Louis van Gasteren
Biography
Amsterdam-born Louis van Gasteren worked as a film producer, a technician for film and television, visual artist and director. He is the son of the actor Louis van Gasteren (1887-1962) and the singer Elise Menagé Challa (1891-1962).
Van Gasteren studied electrotechnology in high school. From an early age he was fascinated by film and at the end of the 1940s he went to Paris to intern as a sound technician at Epernay Studio. In 1951 he started up his own film company called Spectrum Films and a year later he made his first commissioned film, called Bruin goud, for a firm called Van Houten. Van Gasteren made a name for himself with hig-profile documentaries about controversial subjects.

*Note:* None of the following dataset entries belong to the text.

(* For every $n\in\mathbb{Z}_{>0}$ there is a bijection \[ \mathrm{E}_n\simeq\bigsqcup_{d\mid n}\mathrm{E}^{\mathrm{p}}_{n/d}\times\Lambda_d . \]
   Context: A square-tiled surface with $n$ squares is a connected surface obtained from $n$ unit squares by identifying, via translations, each top side with some bottom side and each right side with some left side (a connected degree-$n$ cover of $\mathbb{C}/(\mathbb{Z}+i\mathbb{Z})$ branched over one point), counted up to translation isomorphism. $\mathcal{H}(2)$: genus $2$ surfaces with a single cone point, of angle $6\pi$. $\mathrm{E}_n$ is the set of square-tiled surfaces with $n$ squares in $\mathcal{H}(2)$; $\mathrm{E}_n^{\mathrm{p}}$ its subset of primitive surfaces, i.e. those whose lattice of periods (the subgroup of $\mathbb{Z}^2$ generated by holonomy vectors of saddle connections) equals $\mathbb{Z}^2$. $\Lambda_d$ is the set of sublattices of $\mathbb{Z}+i\mathbb{Z}$ of index $d$. *)

theory Defs
  imports Main "HOL-Combinatorics.Permutations"
begin

text \<open>Combinatorial model of square-tiled surfaces with n squares, labelled 0..n-1.
  A surface is a pair (r,u) of permutations of {..<n}: r i is the square to the right
  of square i, u i the square above square i. Connectedness: the group generated
  by r and u acts transitively.\<close>

definition sts :: "nat \<Rightarrow> ((nat \<Rightarrow> nat) \<times> (nat \<Rightarrow> nat)) set" where
  "sts n = {(r,u). r permutes {..<n} \<and> u permutes {..<n} \<and>
     (\<forall>i<n. \<forall>j<n. (i,j) \<in> ({(k, r k) | k. k < n} \<union> {(k, u k) | k. k < n})\<^sup>*)}"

His documentary Begrijpt u nu waarom ik huil? (1969), in which a former concentration camp prisoner is treated with LSD, caused a great deal of controversy. He won many prizes, including the State Prize for the Filmic Arts in 1969; in 1983 he won the Golden Calf for best film (Hans: het leven voor de dood), and in 2004 he won the Netherlands-Japan Prize.
He taught at the het Instituut voor Kunstnijverheid (now known as the Gerrit Rietveld Academie), the Institute for Social Studies (The Hague) and was a visiting lecturer at the Carpenter Center for Visual Arts (Harvard, US) and UCLA (US).